Вопросы непосредственного перехода в новую форму и способы собственного преображения для всеохватывающего мировоззренческого переворота встали перед богостроителями сразу по смерти Ленина. Мертвый Ленин давал им наилучшую возможность реализовать проект основания новой религии.

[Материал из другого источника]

(* Let $q>0$ and let $g:\Omega\times(0,\infty)\to\mathbb R$ be a Carathéodory function, bounded below, such that $y\mapsto g(x,y)/y$ is decreasing on $(0,\infty)$ for a.e. $x\in\Omega$. Let $u,v\in L^\infty(\Omega)\cap X_0(\Omega)$ with $u,v>0$ in $\Omega$, $\int_\Omega u^{1-q}dx<\infty$, $\int_\Omega v^{1-q}dx<\infty$, and $(-\Delta)^s u\le u^{-q}+g(x,u)$ and $(-\Delta)^s v\ge v^{-q}+g(x,v)$ weakly in $(X_0(\Omega))^*$. Suppose moreover there exist $0<w\in L^\infty(\Omega)$ and constants $c_1,c_2>0$ with $c_1w\le u,v\le c_2w$ in $\Omega$ and $\int_\Omega|g(x,c_1w)|w\,dx<\infty$, $\int_\Omega|g(x,c_2w)|w\,dx<\infty$. Then $u\le v$ in $\Omega$.
   Context: $s\in(0,1)$, $n>2s$, $\Omega\subset\mathbb R^n$ bounded domain with $C^2$ boundary. $(-\Delta)^s u(x)=2C_n^s\,\mathrm{P.V.}\int_{\mathbb R^n}\frac{u(x)-u(y)}{|x-y|^{n+2s}}dy$, $C_n^s=\pi^{-n/2}2^{2s-1}s\,\Gamma(\frac{n+2s}{2})/\Gamma(1-s)$. $Q=\mathbb R^{2n}\setminus((\mathbb R^n\setminus\Omega)^2)$; $X_0(\Omega)$ is the Hilbert space of measurable $u$ on $\mathbb R^n$ vanishing a.e. outside $\Omega$, with $u\in L^2(\Omega)$ and $\|u\|_{X_0}^2=C_n^s\int_Q\frac{|u(x)-u(y)|^2}{|x-y|^{n+2s}}dxdy<\infty$; $(X_0(\Omega))^*$ its dual. "$(-\Delta)^s u\le F$ weakly" means $C_n^s\int_Q\frac{(u(x)-u(y))(\phi(x)-\phi(y))}{|x-y|^{n+2s}}dxdy\le\int_\Omega F\phi\,dx$ for all nonnegative $\phi\in X_0(\Omega)$ (reverse inequality for $\ge$). *)

theory Defs
  imports "HOL-Analysis.Analysis"
begin

definition frac_const :: "nat \<Rightarrow> real \<Rightarrow> real" where
  "frac_const n s = pi powr (- real n / 2) * 2 powr (2 * s - 1) * s
      * Gamma ((real n + 2 * s) / 2) / Gamma (1 - s)"

definition QQ :: "'a set \<Rightarrow> ('a \<times> 'a) set" where
  "QQ \<Omega> = UNIV - ((- \<Omega>) \<times> (- \<Omega>))"

text \<open>The space X_0(Omega) (as a set of representatives).\<close>
definition X0 :: "real \<Rightarrow> 'a::euclidean_space set \<Rightarrow> ('a \<Rightarrow> real) set" where
  "X0 s \<Omega> = {u. u \<in> borel_measurable lebesgue
      \<and> (AE x in lebesgue. x \<notin> \<Omega> \<longrightarrow> u x = 0)
      \<and> (\<integral>\<^sup>+ x. indicator \<Omega> x * ennreal ((u x)\<^sup>2) \<partial>lebesgue) < \<infinity>
      \<and> (\<integral>\<^sup>+ z. indicator (QQ \<Omega>) z *
            ennreal (frac_const DIM('a) s * (u (fst z) - u (snd z))\<^sup>2
               / norm (fst z - snd z) powr (real DIM('a) + 2 * s))
          \<partial>(lebesgue \<Otimes>\<^sub>M lebesgue)) < \<infinity>}"

definition frac_form :: "real \<Rightarrow> 'a::euclidean_space set \<Rightarrow> ('a \<Rightarrow> real) \<Rightarrow> ('a \<Rightarrow> real) \<Rightarrow> real" where
  "frac_form s \<Omega> u \<phi> = frac_const DIM('a) s *
     (\<integral> z. indicator (QQ \<Omega>) z *
        ((u (fst z) - u (snd z)) * (\<phi> (fst z) - \<phi> (snd z))
          / norm (fst z - snd z) powr (real DIM('a) + 2 * s))
      \<partial>(lebesgue \<Otimes>\<^sub>M lebesgue))"

definition ext_integral :: "'a measure \<Rightarrow> ('a \<Rightarrow> real) \<Rightarrow> ereal" where
  "ext_integral M f = enn2ereal (\<integral>\<^sup>+ x. ennreal (f x) \<partial>M)
                    - enn2ereal (\<integral>\<^sup>+ x. ennreal (- f x) \<partial>M)"

definition frac_sub :: "real \<Rightarrow> 'a::euclidean_space set \<Rightarrow> ('a \<Rightarrow> real) \<Rightarrow> ('a \<Rightarrow> real) \<Rightarrow> bool" where
  "frac_sub s \<Omega> u F \<longleftrightarrow> (\<forall>\<phi> \<in> X0 s \<Omega>. (AE x in lebesgue. 0 \<le> \<phi> x) \<longrightarrow>
      ereal (frac_form s \<Omega> u \<phi>) \<le> ext_integral lebesgue (\<lambda>x. indicator \<Omega> x * F x * \<phi> x))"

На первом совещании Комиссии по увековечиванию памяти Ленина Луначарский произнёс: «Вечная и бесконечно отодвигающаяся цель человечества – стать богом, промыслом и чувствующим сердцем мира сегодня близка, как никогда. Мы обязаны колоссальным напряжением нашей воли, зрения и внутреннего слуха уловить мысленные и действительные перипетии, происходящие во времени, использовать их так, как это делал Владимир Ильич, и тогда мы укажем путь, по которому пойдет человечество, чтобы уже завтра превратиться в согласную семью богов».
А что же наши художники?
За смертью вождя они видели готовность к преображению, и далее – к бессмертию человека, его господство над незримыми моментами природы. Филонов писал о волевом начале преображения, о его первом шаге, об отказе от реализма как зримого фактора в искусстве: «Так как я знаю, вижу, интуирую, что в любом объекте не два предиката, форма да цвет, а целый мир видимых или невидимых явлений, их эманаций, реакций, включений, бытия, известных или тайных свойств, имеющих, в свою очередь, иногда бесчисленные предикаты, – то я отрицаю вероучение современного реализма «двух предикатов» и все его право-левые секты, как ненаучные и мертвые, – начисто».
Смерть Ленина дала художникам возможность испытать свою веру в невидимое. Без этой инициации невозможно попасть в будущее, недосягаемое для профанов, полагающихся на старые способы зрительного восприятия. Малевич неустанно подчёркивал важность для художника веры в невидимое. Он разил Скрябина и Кандинского, провозглашавших новые цели искусства: видимое слышать, а слышимое – видеть. Они же цепляются за допотопные суеверия. Идти дальше: видеть – невидимое, слышать – неслышимое! Эвфемизм сказочного «видимо-невидимо» для него, попирающего обветшавшую мыслительную симметрию «с одной стороны, с другой стороны», являлся заветом, формулой, указывающей на реальную возможность нового видения, прозревания незримого в космосе бытия и хаосе небытия. Такое может быть доступно лишь новым людям. Или новым богам.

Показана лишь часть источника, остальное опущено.